Our love affair with bed sheets started a long time ago. We have always loved making our beds, sleeping on crisp, fresh cotton sheets, and the feel of the fabric on the skin.
It was only when we moved houses and our bed size changed that we realised how difficult it could be to find the perfect ones. We could use everything else again except for our dear sheets. The hoarder in us wanted to keep some of them forever but the voice of the gatherer prevailed and we decided to give them away. There was however, also an excitement of buying new sheets. And so the hunt began. There were so many of them but either too expensive, or poor quality, or didn't come with the right answers. We ended up spending a lot of money on sheets we weren’t very convinced with.
We went on to learn more and discovered that the popularity of cotton has certainly come at a cost to the environment. Although cotton covers only 2.5% of the land under human cultivation, it consumes approximately 20% of the world’s pesticides. That’s an awful lot. There is tremendous usage of water in its production (the volume of freshwater required to produce a single bed sheet is around 9,750 litres) and is now made in modern factories that run on fossil fuels (the textile industry is one of the biggest sources of greenhouse gases). So on one hand while they are extremely resource intensive, on the other, they also pollute water, soil, and air.

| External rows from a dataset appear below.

(* Let $k\ge 2$, $r\ge k$, and let $H$ be a complete $k$-partite graph on $h$ vertices. There exists $\gamma_0>0$ such that for every $0<\gamma<\gamma_0$ there exist $\zeta>0$ and $n_0$ with the following property: for every $n\ge n_0$, if $P$ is a complete $s$-partite $K_{r+1}$-free graph on $n$ vertices with $\mathcal N(H,P)\ge \mathrm{ex}(n,H,K_{r+1})-\zeta n^h$, then $s=r$ and every part of $P$ has size at least $\gamma n$.
   Context: $\mathcal N(H,G)$ is the number of subgraphs of $G$ isomorphic to $H$; $\mathrm{ex}(n,H,K_{r+1})$ is the maximum of $\mathcal N(H,G)$ over $n$-vertex graphs $G$ containing no clique $K_{r+1}$. *)

theory Defs
  imports Complex_Main "HOL-Library.Disjoint_Sets"
begin

definition sgraph :: "'a set \<Rightarrow> 'a set set \<Rightarrow> bool" where
  "sgraph V E \<longleftrightarrow> finite V \<and> (\<forall>e\<in>E. e \<subseteq> V \<and> card e = 2)"

definition graph_iso :: "'a set \<Rightarrow> 'a set set \<Rightarrow> 'b set \<Rightarrow> 'b set set \<Rightarrow> bool" where
  "graph_iso V1 E1 V2 E2 \<longleftrightarrow>
     (\<exists>f. bij_betw f V1 V2 \<and> (\<forall>u\<in>V1. \<forall>v\<in>V1. {u, v} \<in> E1 \<longleftrightarrow> {f u, f v} \<in> E2))"

definition count_copies :: "'b set \<Rightarrow> 'b set set \<Rightarrow> 'a set \<Rightarrow> 'a set set \<Rightarrow> nat" where
  "count_copies HV HE GV GE =
     card {(U, F). U \<subseteq> GV \<and> F \<subseteq> GE \<and> (\<forall>e\<in>F. e \<subseteq> U) \<and> graph_iso HV HE U F}"

definition clique_free :: "'a set \<Rightarrow> 'a set set \<Rightarrow> nat \<Rightarrow> bool" where
  "clique_free V E m \<longleftrightarrow>
     \<not> (\<exists>S\<subseteq>V. card S = m \<and> (\<forall>u\<in>S. \<forall>v\<in>S. u \<noteq> v \<longrightarrow> {u, v} \<in> E))"
lemma irreducible_zero_sum_functional_bound:
  fixes Pm :: "'a::finite \<Rightarrow> 'a \<Rightarrow> real" and a :: "'a \<Rightarrow> real"
  defines "E \<equiv> {(x, y). kappa Pm x y > 0}"
  assumes irred: "irreducible_chain Pm"
    and W_pos: "\<And>x y. (x, y) \<in> E \<Longrightarrow> W x y > 0"
    and zero_sum: "(\<Sum>x\<in>UNIV. a x) = 0"
  shows "\<exists>C. \<forall>h. (\<Sum>x\<in>UNIV. a x * h x) \<le> C * sqrt (dirichlet_form E W h h)"
proof (rule zero_sum_functional_bound[OF zero_sum])
  have edge: "\<exists>C. \<forall>h. \<bar>h v - h u\<bar> \<le> C * sqrt (dirichlet_form E W h h)"
    if "(u, v) \<in> {(u, v). Pm u v > 0}" for u v
  proof (cases "u = v")
    case False
    then have "(u, v) \<in> E" using that by (simp add: E_def kappa_def)
    then have "\<forall>h. \<bar>h v - h u\<bar> \<le> 1 / sqrt (W u v) * sqrt (dirichlet_form E W h h)"
      using dirichlet_form_edge_bound[of E W u v] W_pos by (auto intro: less_imp_le)
    then show ?thesis by blast
  qed (auto intro: exI[of _ 0])
  show "\<exists>C. \<forall>h. \<bar>h y - h x\<bar> \<le> C * sqrt (dirichlet_form E W h h)" for x y
    using trancl_oscillation_bound[where R="{(u, v). Pm u v > 0}", OF edge] irred
    by (simp add: irreducible_chain_def)
qed
(* All objects are indexed by the number of nodes n *)
record model =
  Xs     :: "nat \<Rightarrow> nat \<times> nat \<Rightarrow> real set"
  dim    :: "nat \<Rightarrow> nat"
  stat   :: "nat \<Rightarrow> graph \<Rightarrow> nat \<Rightarrow> real"        \<comment> \<open>s(x), coordinates 0..dim-1\<close>
  K      :: "nat \<Rightarrow> nat"
  eta    :: "nat \<Rightarrow> param \<Rightarrow> nbh \<Rightarrow> nat \<Rightarrow> real"
  Theta  :: "nat \<Rightarrow> param set"
  d2     :: "nat \<Rightarrow> nat"
  J      :: "nat \<Rightarrow> nat \<Rightarrow> nat set"              \<comment> \<open>coords of theta2 belonging to theta_{k,k}\<close>
  ThetaB :: "nat \<Rightarrow> nat \<Rightarrow> nat \<Rightarrow> blockpar set"
  B      :: "nat \<Rightarrow> nbh \<Rightarrow> nat \<Rightarrow> nat \<Rightarrow> nat set" \<comment> \<open>coords of eta, s forming block (k,l)\<close>
  etaB   :: "nat \<Rightarrow> nat \<Rightarrow> nat \<Rightarrow> blockpar \<Rightarrow> nbh \<Rightarrow> nat \<Rightarrow> real"
  W      :: "nat \<Rightarrow> (nat \<Rightarrow> real) \<Rightarrow> nbh \<Rightarrow> graph \<Rightarrow> real" \<comment> \<open>within-neighborhood terms\<close>

definition pairs :: "nat \<Rightarrow> (nat \<times> nat) set" where
  "pairs n = {(i, j). 1 \<le> i \<and> i < j \<and> j \<le> n}"

definition graphs :: "model \<Rightarrow> nat \<Rightarrow> graph set" where
  "graphs M n = {x. (\<forall>p\<in>pairs n. x p \<in> Xs M n p) \<and> (\<forall>p. p \<notin> pairs n \<longrightarrow> x p = 0)}"

definition hamming :: "nat \<Rightarrow> graph \<Rightarrow> graph \<Rightarrow> nat" where
  "hamming n x1 x2 = card {p \<in> pairs n. x1 p \<noteq> x2 p}"

definition lin :: "model \<Rightarrow> nat \<Rightarrow> (nat \<Rightarrow> real) \<Rightarrow> graph \<Rightarrow> real" where
  "lin M n e x = (\<Sum>m<dim M n. e m * stat M n x m)"

definition psi :: "model \<Rightarrow> nat \<Rightarrow> (nat \<Rightarrow> real) \<Rightarrow> real" where
  "psi M n e = ln (infsum (\<lambda>x. exp (lin M n e x)) (graphs M n))"

(* natural parameter space N = {eta. psi(eta) < infinity} *)
definition NatSp :: "model \<Rightarrow> nat \<Rightarrow> (nat \<Rightarrow> real) set" where
  "NatSp M n = {e. (\<lambda>x. exp (lin M n e x)) summable_on graphs M n}"

definition pm :: "model \<Rightarrow> nat \<Rightarrow> (nat \<Rightarrow> real) \<Rightarrow> graph \<Rightarrow> real" where
  "pm M n e x = exp (lin M n e x - psi M n e)"

definition Pr :: "model \<Rightarrow> nat \<Rightarrow> (nat \<Rightarrow> real) \<Rightarrow> graph set \<Rightarrow> real" where
  "Pr M n e E = infsum (pm M n e) (graphs M n \<inter> E)"

definition Expect :: "model \<Rightarrow> nat \<Rightarrow> (nat \<Rightarrow> real) \<Rightarrow> (graph \<Rightarrow> real) \<Rightarrow> real" where
  "Expect M n e f = infsum (\<lambda>x. pm M n e x * f x) (graphs M n)"

definition marg :: "model \<Rightarrow> nat \<Rightarrow> (nat \<Rightarrow> real) \<Rightarrow> (nat \<times> nat) set \<Rightarrow> graph \<Rightarrow> real" where
  "marg M n e P x = infsum (pm M n e) {x' \<in> graphs M n. \<forall>p\<in>P. x' p = x p}"

definition nbhs :: "model \<Rightarrow> nat \<Rightarrow> nbh set" where
  "nbhs M n = {z. (\<forall>i\<in>{1..n}. z i < K M n) \<and> (\<forall>i. i \<notin> {1..n} \<longrightarrow> z i = 0)}"

definition nmaxz :: "model \<Rightarrow> nat \<Rightarrow> nbh \<Rightarrow> nat" where
  "nmaxz M n z = Max ((\<lambda>k. card {i\<in>{1..n}. z i = k}) ` {..<K M n})"

definition wthn :: "nat \<Rightarrow> nbh \<Rightarrow> nat \<Rightarrow> (nat \<times> nat) set" where
  "wthn n z k = {p \<in> pairs n. z (fst p) = k \<and> z (snd p) = k}"

definition btwn :: "nat \<Rightarrow> nbh \<Rightarrow> nat \<Rightarrow> nat \<Rightarrow> (nat \<times> nat) set" where
  "btwn n z k l = {p \<in> pairs n. (z (fst p) = k \<and> z (snd p) = l) \<or> (z (fst p) = l \<and> z (snd p) = k)}"

definition subg :: "nat \<Rightarrow> nbh \<Rightarrow> nat \<Rightarrow> nat \<Rightarrow> (nat \<times> nat) set" where
  "subg n z k l = (if k = l then wthn n z k else btwn n z k l)"

definition blk :: "model \<Rightarrow> nat \<Rightarrow> param \<Rightarrow> nat \<Rightarrow> nat \<Rightarrow> blockpar" where
  "blk M n th k l = (fst th k l, (\<lambda>m. if k = l \<and> m \<in> J M n k then snd th m else 0))"

definition blknorm :: "model \<Rightarrow> nat \<Rightarrow> blockpar \<Rightarrow> blockpar \<Rightarrow> real" where
  "blknorm M n a b = sqrt ((fst a - fst b)\<^sup>2 + (\<Sum>m<d2 M n. (snd a m - snd b m)\<^sup>2))"

definition zero2 :: "param \<Rightarrow> param" where
  "zero2 th = (fst th, (\<lambda>m. 0))"

definition edge_term :: "nat \<Rightarrow> nbh \<Rightarrow> (nat \<Rightarrow> nat \<Rightarrow> real) \<Rightarrow> graph \<Rightarrow> real" where
  "edge_term n z th1 x =
     (\<Sum>(i, j)\<in>pairs n. th1 (min (z i) (z j)) (max (z i) (z j)) * x (i, j))"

And after all of this, it is unimaginable how much textile goes to waste almost everywhere in the world including the UK. We ended up feeling terrible about our love for the fabric.
It was around the same time when we happened to be in Goa, India attending a series of talks. One of them happened to be by Mr. Arvind Gupta, a professor who uses trash to make scientific toys for kids in India. That made us look even more deeply at the waste we create and the inequity it causes. It inspired us to think about how we could harness the latent value of waste and use better, cleaner, responsible ways to make things. We also got introduced to the idea of a ‘circular economy’; a simple idea that asks us to look at the way nature manufactures trees, plants, clouds, sand … each bit of every bit is used and nothing creates waste before or after it is made. In fact there is no concept of waste in nature.

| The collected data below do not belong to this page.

lemma square_mult_diff_le:
  fixes a a' b b' :: real
  assumes "\<bar>b'\<bar> \<le> 1"
  shows "(a * b - a' * b')\<^sup>2 \<le> 2 * a\<^sup>2 * (b - b')\<^sup>2 + 2 * (a - a')\<^sup>2"
proof -
  have square_sum: "(u + v)\<^sup>2 \<le> 2 * u\<^sup>2 + 2 * v\<^sup>2" for u v :: real
    using sum_squares_ge_zero[of "u - v" 0] by (simp add: power2_eq_square algebra_simps)
  have "(a * b - a' * b')\<^sup>2 = (a * (b - b') + b' * (a - a'))\<^sup>2"
    by (simp add: algebra_simps)
  also have "\<dots> \<le> 2 * (a * (b - b'))\<^sup>2 + 2 * (b' * (a - a'))\<^sup>2"
    by (rule square_sum)
  also have "(b' * (a - a'))\<^sup>2 \<le> (a - a')\<^sup>2"
    using assms by (simp add: power_mult_distrib abs_square_le_1 mult_left_le_one_le)
  finally show ?thesis
    by (simp add: power_mult_distrib)
qed

lemma frac_rho_mult_le:
  fixes a b :: "'a::euclidean_space \<Rightarrow> real"
  assumes [measurable]: "a \<in> borel_measurable borel" "b \<in> borel_measurable borel"
    and b: "\<And>y. \<bar>b y\<bar> \<le> 1"
  shows "frac_rho s (\<lambda>z. a z * b z) x
    \<le> ennreal (2 * (a x)\<^sup>2) * frac_rho s b x + 2 * frac_rho s a x"
proof -
  define p where "p = real DIM('a) + 2 * s"
  define G where "G y = (b x - b y)\<^sup>2 / norm (x - y) powr p" for y
  define H where "H y = (a x - a y)\<^sup>2 / norm (x - y) powr p" for y
  have G_nonneg: "0 \<le> G y" and H_nonneg: "0 \<le> H y" for y
    by (simp_all add: G_def H_def)
  have pointwise: "(a x * b x - a y * b y)\<^sup>2 / norm (x - y) powr p \<le> 2 * (a x)\<^sup>2 * G y + 2 * H y"
    for y
  proof -
    have "(a x * b x - a y * b y)\<^sup>2 \<le> 2 * (a x)\<^sup>2 * (b x - b y)\<^sup>2 + 2 * (a x - a y)\<^sup>2"
      using b by (rule square_mult_diff_le)
    then show ?thesis
      unfolding G_def H_def by (simp add: divide_right_mono flip: add_divide_distrib)
  qed
  have "frac_rho s (\<lambda>z. a z * b z) x
      \<le> (\<integral>\<^sup>+ y. ennreal (2 * (a x)\<^sup>2) * ennreal (G y) + 2 * ennreal (H y) \<partial>lborel)"
    unfolding frac_rho_def p_def[symmetric]
  proof (intro nn_integral_mono)
    fix y
    have "ennreal ((a x * b x - a y * b y)\<^sup>2 / norm (x - y) powr p)
        \<le> ennreal (2 * (a x)\<^sup>2 * G y + 2 * H y)"
      by (rule ennreal_leI) (rule pointwise)
    also have "\<dots> = ennreal (2 * (a x)\<^sup>2) * ennreal (G y) + 2 * ennreal (H y)"
      using G_nonneg[of y] H_nonneg[of y] by (simp add: ennreal_mult' ennreal_plus)
    finally show "ennreal ((a x * b x - a y * b y)\<^sup>2 / norm (x - y) powr p)
        \<le> ennreal (2 * (a x)\<^sup>2) * ennreal (G y) + 2 * ennreal (H y)" .
  qed
  also have "\<dots> = (\<integral>\<^sup>+ y. ennreal (2 * (a x)\<^sup>2) * ennreal (G y) \<partial>lborel)
      + (\<integral>\<^sup>+ y. 2 * ennreal (H y) \<partial>lborel)"
    by (rule nn_integral_add) (simp_all add: G_def H_def)
  also have "\<dots> = ennreal (2 * (a x)\<^sup>2) * (\<integral>\<^sup>+ y. ennreal (G y) \<partial>lborel)
      + 2 * (\<integral>\<^sup>+ y. ennreal (H y) \<partial>lborel)"
    by (intro arg_cong2[where f="(+)"] nn_integral_cmult) (simp_all add: G_def H_def)
  finally show ?thesis
    unfolding frac_rho_def G_def H_def p_def .
qed

lemma frac_rho_rescaled_mult_le:
  fixes g b :: "'a::euclidean_space \<Rightarrow> real"
  assumes [measurable]: "g \<in> borel_measurable borel" "b \<in> borel_measurable borel"
    and "\<And>y. \<bar>b y\<bar> \<le> 1" "0 < R"
  shows "frac_rho s (\<lambda>z. g (z /\<^sub>R R) * b z) x
    \<le> ennreal (2 * (g (x /\<^sub>R R))\<^sup>2) * frac_rho s b x
      + 2 * ennreal (R powr (- 2 * s)) * frac_rho s g (x /\<^sub>R R)"
  using frac_rho_mult_le[of "\<lambda>z. g (z /\<^sub>R R)" b s x] frac_rho_rescale[of g R s x] assms
  by (simp add: mult.assoc)

lemma frac_rho_le_if_constant_outside_ball:
  fixes f :: "'a::euclidean_space \<Rightarrow> real"
  assumes "0 \<le> s" "0 < r"
    and const: "\<And>y. r \<le> norm y \<Longrightarrow> f y = c" and osc: "\<And>y. \<bar>f y - c\<bar> \<le> 1"
    and x: "3 * r \<le> 2 * norm x"
  shows "frac_rho s f x \<le> ennreal (3 powr (real DIM('a) + 2 * s) * unit_ball_vol (real DIM('a))
      * r ^ DIM('a) * norm x powr (- real DIM('a) - 2 * s))"
proof -
  define p where "p = real DIM('a) + 2 * s"
  define c' where "c' = 3 powr p * norm x powr - p"
  have "0 < p" using assms(1) by (simp add: p_def add_pos_nonneg)
  have "f x = c" using x \<open>0 < r\<close> by (intro const) linarith
  have "ennreal ((f x - f y)\<^sup>2 / norm (x - y) powr p) \<le> ennreal c' * indicator (cball 0 r) y" for y
  proof (cases "norm y \<le> r")
    case True
    have "norm x / 3 \<le> norm (x - y)"
      using norm_triangle_ineq2[of x y] True x by linarith
    moreover have "0 < norm x / 3" using x \<open>0 < r\<close> by linarith
    moreover have "(f x - f y)\<^sup>2 \<le> 1"
      using osc[of y] \<open>f x = c\<close> by (simp add: abs_square_le_1 abs_minus_commute)
    ultimately have "(f x - f y)\<^sup>2 / norm (x - y) powr p \<le> (norm x / 3) powr - p"
      using \<open>0 < p\<close> by (auto simp: powr_minus_divide intro!: frac_le powr_mono2)
    also have "\<dots> = c'"
      by (simp add: c'_def powr_divide powr_minus_divide)
    finally show ?thesis using True by (simp add: ennreal_leI)
  next
    case False
    then show ?thesis using const[of y] \<open>f x = c\<close> by simp
  qed
  then have "frac_rho s f x \<le> (\<integral>\<^sup>+ y. ennreal c' * indicator (cball (0::'a) r) y \<partial>lborel)"
    unfolding frac_rho_def p_def by (intro nn_integral_mono)
  also have "\<dots> = ennreal (c' * (unit_ball_vol (real DIM('a)) * r ^ DIM('a)))"
    using \<open>0 < r\<close> by (simp add: nn_integral_cmult_indicator emeasure_cball ennreal_mult c'_def)
  finally show ?thesis
    by (simp add: c'_def p_def mult_ac)
qed

lemma frac_rho_cutoff_bounds:
  fixes \<psi> :: "'a::euclidean_space \<Rightarrow> real"
  assumes "0 < s" "s < 1" "1 \<le> R0" and \<psi>: "smooth_fun \<psi>" "\<And>x. 0 \<le> \<psi> x" "\<And>x. \<psi> x \<le> 1"
    and \<psi>_one: "\<And>x. norm x \<ge> 2 \<Longrightarrow> \<psi> x = 1"
  shows "\<exists>K\<ge>0. \<forall>x. frac_rho s (\<lambda>z. \<psi> (z /\<^sub>R R0)) x \<le> ennreal K \<and>
    (3 * R0 \<le> norm x \<longrightarrow>
       frac_rho s (\<lambda>z. \<psi> (z /\<^sub>R R0)) x \<le> ennreal (K * norm x powr (- real DIM('a) - 2 * s)))"
proof -
  note borel_measurable_smooth_fun[OF \<psi>(1), measurable]
  obtain L where "L-lipschitz_on UNIV \<psi>"
    using smooth_fun_lipschitz_if_constant_outside_ball[OF \<psi>(1) \<psi>_one] by blast
  moreover have "\<bar>\<psi> x\<bar> \<le> 1" for x using \<psi>(2,3)[of x] by simp
  ultimately obtain K where K: "\<And>x. frac_rho s \<psi> x \<le> ennreal K"
    using frac_rho_uniformly_bounded_if_lipschitz[OF assms(1,2)] by metis
  define K' where "K' = 3 powr (real DIM('a) + 2 * s) * unit_ball_vol (real DIM('a)) * (2 * R0) ^ DIM('a)"
  define C where "C = max (max K 0) K'"
  have near: "frac_rho s (\<lambda>z. \<psi> (z /\<^sub>R R0)) x \<le> ennreal C" for x
  proof -
    have "frac_rho s (\<lambda>z. \<psi> (z /\<^sub>R R0)) x = ennreal (R0 powr (- 2 * s)) * frac_rho s \<psi> (x /\<^sub>R R0)"
      using assms(3) by (intro frac_rho_rescale) auto
    also have "\<dots> \<le> 1 * ennreal C"
    proof (intro mult_mono)
      have "R0 powr (- 2 * s) \<le> R0 powr 0"
        using assms(1,3) by (intro powr_mono) auto
      then show "ennreal (R0 powr (- 2 * s)) \<le> 1"
        using assms(3) by (simp add: ennreal_le_1)
      show "frac_rho s \<psi> (x /\<^sub>R R0) \<le> ennreal C"
        using K[of "x /\<^sub>R R0"] by (rule order_trans) (simp add: C_def)
    qed simp_all
    finally show ?thesis by simp
  qed
  have far: "frac_rho s (\<lambda>z. \<psi> (z /\<^sub>R R0)) x \<le> ennreal (C * norm x powr (- real DIM('a) - 2 * s))"
    if "3 * R0 \<le> norm x" for x
  proof -
    have "frac_rho s (\<lambda>z. \<psi> (z /\<^sub>R R0)) x \<le> ennreal (K' * norm x powr (- real DIM('a) - 2 * s))"
      unfolding K'_def mult.assoc[symmetric]
    proof (rule frac_rho_le_if_constant_outside_ball[where c = 1])
      show "\<psi> (y /\<^sub>R R0) = 1" if "2 * R0 \<le> norm y" for y
        using that assms(3) by (intro \<psi>_one) (simp add: field_simps)
      show "\<bar>\<psi> (y /\<^sub>R R0) - 1\<bar> \<le> 1" for y
        using \<psi>(2,3)[of "y /\<^sub>R R0"] by simp
    qed (use assms that in auto)
    also have "\<dots> \<le> ennreal (C * norm x powr (- real DIM('a) - 2 * s))"
      by (intro ennreal_leI mult_right_mono) (simp_all add: C_def)
    finally show ?thesis .
  qed
  have "0 \<le> C" by (simp add: C_def)
  with near far show ?thesis by blast
qed

lemma eta_fun_nonneg: "0 \<le> eta_fun m x"
  by (simp add: eta_fun_def)

lemma eta_fun_le_one:
  assumes "0 \<le> m"
  shows "eta_fun m x \<le> 1"
proof -
  have "(1 + (norm x)\<^sup>2) powr (- m / 2) \<le> (1 + (norm x)\<^sup>2) powr 0"
    using assms by (intro powr_mono) auto
  then show ?thesis by (simp add: eta_fun_def add_nonneg_eq_0_iff)
qed

lemma borel_measurable_eta_fun [measurable]: "eta_fun m \<in> borel_measurable borel"
  unfolding eta_fun_def by measurable

theorem lemma2p5:
  fixes s m R0 :: real and \<psi> :: "'a::euclidean_space \<Rightarrow> real"
  assumes "0 < s" "s < 1"
    and "m > real DIM('a) / 2"
    and "R0 \<ge> 1"
    and "smooth_fun \<psi>"
    and "\<And>x. 0 \<le> \<psi> x" "\<And>x. \<psi> x \<le> 1"
    and "\<And>x. norm x < 1 \<Longrightarrow> \<psi> x = 0"
    and "\<And>x. norm x \<ge> 2 \<Longrightarrow> \<psi> x = 1"
  shows "\<exists>C>0. \<forall>R x. R \<ge> R0 \<longrightarrow>
     (let \<eta>R = (\<lambda>z. eta_fun m (z /\<^sub>R R) * \<psi> (z /\<^sub>R R0)) in
       (norm x \<ge> 3 * R0 \<longrightarrow>
          frac_rho s \<eta>R x \<le> ennreal (C * (eta_fun m (x /\<^sub>R R))\<^sup>2 * norm x powr (- real DIM('a) - 2 * s))
                             + 2 * ennreal (R powr (- 2 * s)) * frac_rho s (eta_fun m) (x /\<^sub>R R)) \<and>
       (norm x \<le> 3 * R0 \<longrightarrow>
          frac_rho s \<eta>R x \<le> ennreal C + 2 * ennreal (R powr (- 2 * s)) * frac_rho s (eta_fun m) (x /\<^sub>R R)))"
proof -
  have "0 \<le> m" using assms(3) by (smt (verit) divide_nonneg_nonneg of_nat_0_le_iff)
  then have eta_sq_le: "(eta_fun m y)\<^sup>2 \<le> 1" for y :: 'a
    using eta_fun_nonneg[of m y] eta_fun_le_one[of m y] by (simp add: abs_square_le_1)
  obtain K where "0 \<le> K" and K: "\<And>x. frac_rho s (\<lambda>z. \<psi> (z /\<^sub>R R0)) x \<le> ennreal K"
    and K_far: "\<And>x. 3 * R0 \<le> norm x \<Longrightarrow>
      frac_rho s (\<lambda>z. \<psi> (z /\<^sub>R R0)) x \<le> ennreal (K * norm x powr (- real DIM('a) - 2 * s))"
    using frac_rho_cutoff_bounds[OF assms(1,2,4,5,6,7,9)] by blast
  note borel_measurable_smooth_fun[OF assms(5), measurable]
  have split: "frac_rho s (\<lambda>z. eta_fun m (z /\<^sub>R R) * \<psi> (z /\<^sub>R R0)) x
      \<le> ennreal (2 * (eta_fun m (x /\<^sub>R R))\<^sup>2) * frac_rho s (\<lambda>z. \<psi> (z /\<^sub>R R0)) x
        + 2 * ennreal (R powr (- 2 * s)) * frac_rho s (eta_fun m) (x /\<^sub>R R)" if "R0 \<le> R" for R x
    using that assms(4,6,7) by (intro frac_rho_rescaled_mult_le) auto
  have near: "ennreal (2 * (eta_fun m (x /\<^sub>R R))\<^sup>2) * frac_rho s (\<lambda>z. \<psi> (z /\<^sub>R R0)) x
      \<le> ennreal (2 * K + 1)" for R x
  proof (rule order_trans[OF ennreal_mult_le_ennreal_mult[OF _ K]])
    show "ennreal (2 * (eta_fun m (x /\<^sub>R R))\<^sup>2 * K) \<le> ennreal (2 * K + 1)"
      using eta_sq_le[of "x /\<^sub>R R"] \<open>0 \<le> K\<close> mult_left_le_one_le[of K "(eta_fun m (x /\<^sub>R R))\<^sup>2"]
      by (intro ennreal_leI) simp
  qed simp
  have far: "ennreal (2 * (eta_fun m (x /\<^sub>R R))\<^sup>2) * frac_rho s (\<lambda>z. \<psi> (z /\<^sub>R R0)) x
      \<le> ennreal ((2 * K + 1) * (eta_fun m (x /\<^sub>R R))\<^sup>2 * norm x powr (- real DIM('a) - 2 * s))"
    if "3 * R0 \<le> norm x" for R x
  proof (rule order_trans[OF ennreal_mult_le_ennreal_mult[OF _ K_far[OF that]]])
    show "ennreal (2 * (eta_fun m (x /\<^sub>R R))\<^sup>2 * (K * norm x powr (- real DIM('a) - 2 * s)))
        \<le> ennreal ((2 * K + 1) * (eta_fun m (x /\<^sub>R R))\<^sup>2 * norm x powr (- real DIM('a) - 2 * s))"
      by (intro ennreal_leI) (simp add: algebra_simps)
  qed simp
  show ?thesis
    unfolding Let_def
  proof (intro exI[of _ "2 * K + 1"] conjI allI impI)
    show "0 < 2 * K + 1" using \<open>0 \<le> K\<close> by simp
  qed (rule order_trans[OF split add_right_mono]; simp add: near far)+
qed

After the light bulb moment, we set out on our journey across India (where three fourths of the world’s organic cotton comes from). From farmer cooperatives to textile designers, it took us many months to find the right fabric construction, design, and facility where we could make the best bed linen. In an industry which has flourished on take - make - throw, it certainly hasn’t been easy to have our way. But it has been possible. Cirkel sheets are made with 100% renewable energy, around 95% of water used in manufacturing is re-used and the cotton is organic (which is just 1% of the world’s cotton). We also realised that so much more value can be created from a sheet that’s considered waste and hence the idea of take back came into being.
We hope they bring you the cosiest sleep.